Legalization for Undocumented Immigrants: Lessons for the United States from Southern Europe
After the failed attempt at Comprehensive Immigration Reform in the summer of 2007, the United States still has to determine what to do with the estimated 12 million undocumented individuals currently living within its borders. Employed in largely unskilled occupations in the agriculture, construction, meat packing, domestic care, and services industries, undocumented migrants are often a crucial source of labor when native-born Americans are unable or unwilling to perform the duties required of such jobs. The most often-discussed and controversial policy option to deal with such a large undocumented population is to provide a path to legal status or even citizenship for migrants already in the country.
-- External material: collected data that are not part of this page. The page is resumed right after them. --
(* There exist constants $\varepsilon>0$ and $C>0$ such that for all positive integers $n$ and all integers $k$ with $\frac{n}{16}\le k\le\frac{n}{4}$, $g_k(n)\le C(2-\varepsilon)^n$.
   Context: $[n]_0=\{0,1,\dots,n\}$, $S_1+S_2=\{u+v:u\in S_1,v\in S_2\}$. For such $k$, $g_k(n)$ is the sum of $2^{-|(S_1+S_2)\cap[n]_0|}$ over all pairs $S_1,S_2\subseteq[n]_0$ with $0\in S_1\cap S_2$, $n+1\notin S_1+S_2$ and $n+1-k\notin S_1+S_2$. *)

theory Defs
  imports Complex_Main
begin

definition sumset :: "nat set \<Rightarrow> nat set \<Rightarrow> nat set" where
  "sumset S1 S2 = {u + v | u v. u \<in> S1 \<and> v \<in> S2}"

definition g :: "nat \<Rightarrow> nat \<Rightarrow> real" where
  "g k n = (\<Sum>(S1, S2) \<in> {(S1, S2). S1 \<subseteq> {0..n} \<and> S2 \<subseteq> {0..n} \<and> 0 \<in> S1 \<and> 0 \<in> S2
              \<and> n + 1 \<notin> sumset S1 S2 \<and> int n + 1 - int k \<notin> int ` sumset S1 S2}.
            (1/2) ^ card (sumset S1 S2 \<inter> {0..n}))"

end

theory Submission
  imports Defs
begin

text \<open>Since \<open>0\<close> lies in both sets, \<open>S1 \<union> S2 \<subseteq> (S1 + S2) \<inter> [n]_0\<close>, so \<open>g_k(n)\<close> is at most
  the sum of \<open>2^(-|X \<union> Y|)\<close> over all pairs \<open>X, Y \<subseteq> [n]_0\<close> with no \<open>i \<in> X\<close>, \<open>j \<in> Y\<close> such
  that \<open>i + j\<close> is \<open>n + 1\<close> or \<open>n + 1 - k\<close>. This weight is submultiplicative over disjoint vertex
  sets and at most \<open>4^|V|\<close> on any vertex set \<open>V\<close>. The residues \<open>r\<close> and \<open>(n + 1 - r) mod k\<close>
  come in pairs; for each of the at least \<open>(k - 2)/2\<close> pairs of distinct residues, the numbers
  in \<open>[1, n]\<close> with these residues form a path of length at least \<open>8\<close> in the graph of
  forbidden sums, and a transfer-matrix computation bounds the weight of such a path of
  length \<open>L\<close> by \<open>0.99 \<cdot> 2^L\<close>. The at most \<open>35\<close> remaining vertices only cost a constant
  factor, so \<open>g_k(n) \<le> 2^36 \<cdot> 0.99^((k - 2)/2) \<cdot> 2^n\<close>, and \<open>k \<ge> n/16\<close> makes this
  exponentially smaller than \<open>2^n\<close>.\<close>

definition cross_free_pairs :: "('a \<Rightarrow> 'a \<Rightarrow> bool) \<Rightarrow> 'a set \<Rightarrow> ('a set \<times> 'a set) set" where
  "cross_free_pairs E V = {(X, Y). X \<subseteq> V \<and> Y \<subseteq> V \<and> (\<forall>i\<in>X. \<forall>j\<in>Y. \<not> E i j)}"

definition pair_weight :: "'a set \<times> 'a set \<Rightarrow> real" where
  "pair_weight P = (1/2) ^ card (fst P \<union> snd P)"

definition cross_free_weight :: "('a \<Rightarrow> 'a \<Rightarrow> bool) \<Rightarrow> 'a set \<Rightarrow> real" where
  "cross_free_weight E V = sum pair_weight (cross_free_pairs E V)"

lemma pair_weight_nonneg: "0 \<le> pair_weight P"
  by (simp add: pair_weight_def)

lemma finite_cross_free_pairs: "finite V \<Longrightarrow> finite (cross_free_pairs E V)"
  by (rule finite_subset[of _ "Pow V \<times> Pow V"]) (auto simp: cross_free_pairs_def)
Though the United States has had its own history with “amnesties” for undocumented migrants (it legalized 2.7 million under a bill passed in 1987), Southern Europe has enacted mass legalizations in much more recent memory. Bordering the Mediterranean, the countries of Spain, Italy, Greece, and Portugal saw large influxes of unauthorized migrants and growing informal economies throughout the 1990s and 2000s. In an effort to bring undocumented migrants out of the shadows and into the taxpaying workforce, all four countries conducted periodic amnesties which (at the time) provoked significantly less political outcry than the United States has experienced over Comprehensive Immigration Reform.
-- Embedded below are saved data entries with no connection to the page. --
(* Let $m\in\mathbb N\cup\{\infty\}$ and let $f(\mathbf z)=\sum_{\mathbf p\in\mathbb Z_+^k,\,|\mathbf p|\le m}a_{\mathbf p}\mathbf z^{\mathbf p}$ be a holomorphic function on the polydisc $\mathbb D^k$ such that $\Re f(\mathbf z)\le1$ for all $\mathbf z\in\mathbb D^k$. (i) If $f(0)\ge0$, then $$\sum_{i=1}^k\Big|\frac{\partial f}{\partial z_i}(0)\Big|\le2(1-f(0))\cos\frac{\pi}{m+2}$$ (with $\cos\frac{\pi}{m+2}$ read as $1$ when $m=\infty$). (ii) If $m=\infty$ and $\mathbf a=(a_1,\dots,a_k)\in\mathbb D^k$ is such that $f(\mathbf a)\ge0$, then $$\sum_{i=1}^k(1-|a_i|^2)\Big|\frac{\partial f}{\partial z_i}(\mathbf a)\Big|\le2(1-f(\mathbf a)).$$
   Context: $\mathbb D$ is the open unit disc, $\mathbf z^{\mathbf p}=z_1^{p_1}\cdots z_k^{p_k}$, $|\mathbf p|=p_1+\dots+p_k$; the condition $|\mathbf p|\le m$ is vacuous when $m=\infty$. "$f(0)\ge0$" means $f(0)$ is a nonnegative real number. *)

theory Defs
  imports "HOL-Analysis.Analysis" "HOL-Library.Extended_Nat"
begin

definition polydisc :: "('k::finite \<Rightarrow> complex) set" where
  "polydisc = {z. \<forall>i. norm (z i) < 1}"

definition mdeg :: "('k::finite \<Rightarrow> nat) \<Rightarrow> nat" where
  "mdeg p = (\<Sum>i\<in>UNIV. p i)"

definition monomial_val :: "('k::finite \<Rightarrow> complex) \<Rightarrow> ('k \<Rightarrow> nat) \<Rightarrow> complex" where
  "monomial_val z p = (\<Prod>i\<in>UNIV. z i ^ p i)"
A recent New York Times article details the aftermath of the most recent Spanish amnesty for the undocumented, which has had benefits, such as increased tax revenue, but also drawbacks, such as possible inflows of more undocumented migrants in anticipation of amnesties in the future. The case study raises a number of questions for both Europe and the United States: Have the economic, social, and humanitarian benefits of amnesties outweighed the costs to the host society? Will similar amnesties in Southern Europe be feasible in the future, given Northern European opposition (strongest in France) and growing anti-immigrant movements in Italy and Spain? Are there other feasible solutions to dealing with the problem of unauthorized migration, and are border enforcement measures effective in an increasingly globalized and mobile world? And finally, what can the United States learn from the political compromises in Europe to form a truly comprehensive immigration reform?
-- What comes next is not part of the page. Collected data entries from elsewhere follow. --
(* Suppose the weights are $w_i=z_i\|\phi_i\|_{L^\infty}$, where $z_i\ge1$ and $z_i\to\infty$ as $i\to\infty$. For $0<\epsilon<1/2$, let the point set (with density $h>0$) and $M,R\in\mathbb N$ be such that $$E(h,M)<\epsilon,\qquad E(h,R)<\epsilon\frac{\min_{M<i\le R}\{w_i\}}{\max_{i=1,\dots,M}\{w_i\}},\qquad F(h,M,R)\le\frac{\epsilon}{\max_{i=1,\dots,M}\{w_i\}}.$$ Then there exists a constant $C(\epsilon)$ such that, whenever $\hat x$ is a minimizer of $\min_{z\in\mathbb C^K}\|z\|_{1,w}$ subject to $\|UP_Kz-y\|\le\eta$, $$\|x-\hat x\|\le C(\epsilon)\left[(1+\|P_Mw\|)\eta+\|P_M^\perp x\|_{1,w}+T_{h,K,\eta}(x)\right].$$ Moreover, $\lim_{\epsilon\to0^+}C(\epsilon)=4$.
   Context: Setting: $D\subseteq\mathbb R^d$ a domain, $\nu\ge0$ integrable on $D$ with $\int_D\nu=1$, $\{\phi_i\}_{i\in\mathbb N}\subseteq L^2_\nu(D)\cap L^\infty(D)$ orthonormal in $L^2_\nu(D)$. $T=\{t_n\}_{n=1}^N\subseteq\overline D$ with density $h=\sup_{t\in D}\min_n|t-t_n|$, Voronoi cells $V_n=\{t\in D:|t-t_n|\le|t-t_m|\ \forall m\ne n\}$ and quadrature weights $\tau_n=\int_{V_n}\nu$. $W=\mathrm{diag}(w_1,w_2,\dots)$, $\|z\|_{1,w}=\sum_iw_i|z_i|$. $U$ is the $N\times\infty$ matrix $U_{n,i}=\sqrt{\tau_n}\phi_i(t_n)$. The target is $f=\sum_ix_i\phi_i$ with $x\in\ell^1_w(\mathbb N)$; data $y=\{\sqrt{\tau_n}(f(t_n)+e_n)\}_{n=1}^N$, $|e_n|\le\eta$. $P_M$ is the projection onto the first $M$ coordinates, $P_M^\perp=I-P_M$; $\mathbb C^K$ is identified with sequences supported in $\{1,\dots,K\}$; $P_Mw=(w_1,\dots,w_M)$ and $\|\cdot\|$ is the $\ell^2$ norm. $E_2(h,M)=\|P_M-P_MU^*UP_M\|$ ($\ell^2$ operator norm), $E_\infty(h,M)=\|P_M-P_MU^*UP_M\|_\infty$ ($\ell^\infty$ operator norm), $E(h,M)=\max\{E_2,E_\infty\}$, $F(h,M,R)=\|P_R^\perp W^{-1}U^*UP_M\|_\infty$. Finally $T_{h,K,\eta}(x)=\inf\{\|x-\bar x\|_{1,w}:\bar x\in\mathbb C^K,\ \|UP_K\bar x-y\|\le\eta\}$. *)

theory Defs
  imports "HOL-Analysis.Analysis"
begin

text \<open>Conventions: all index sets are 0-based. Basis functions are indexed by
 i = 0,1,2,...; the sample points by n = 0..N-1. Thus the paper's P_M (first M
 coordinates) is "i < M", and the paper's range M < i <= R becomes M <= i < R.\<close>

definition is_l2 :: "(nat \<Rightarrow> complex) \<Rightarrow> bool" where
  "is_l2 v \<longleftrightarrow> summable (\<lambda>i. (cmod (v i))\<^sup>2)"

definition seq_l2norm :: "(nat \<Rightarrow> complex) \<Rightarrow> real" where
  "seq_l2norm v = sqrt (\<Sum>i. (cmod (v i))\<^sup>2)"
To be sure, the similarities between Southern Europe and the United States – long borders, unauthorized migration flows, and significant informal economies – should not to be ignored. However, the economic climate of the 1990s and early 2000s (when most of the European amnesties took place) stands in stark contrast to the current economic outlook of the United States in light of the credit crunch, increased fuel prices, and a possible recession. Given economic worries and the heated nature of the immigration debate, it seems that a mass legalization measure would cost any American leader a great deal of political capital. Senators McCain and Obama should keep this in mind, as both have made campaign promises to fix the broken immigration system during their respective administrations.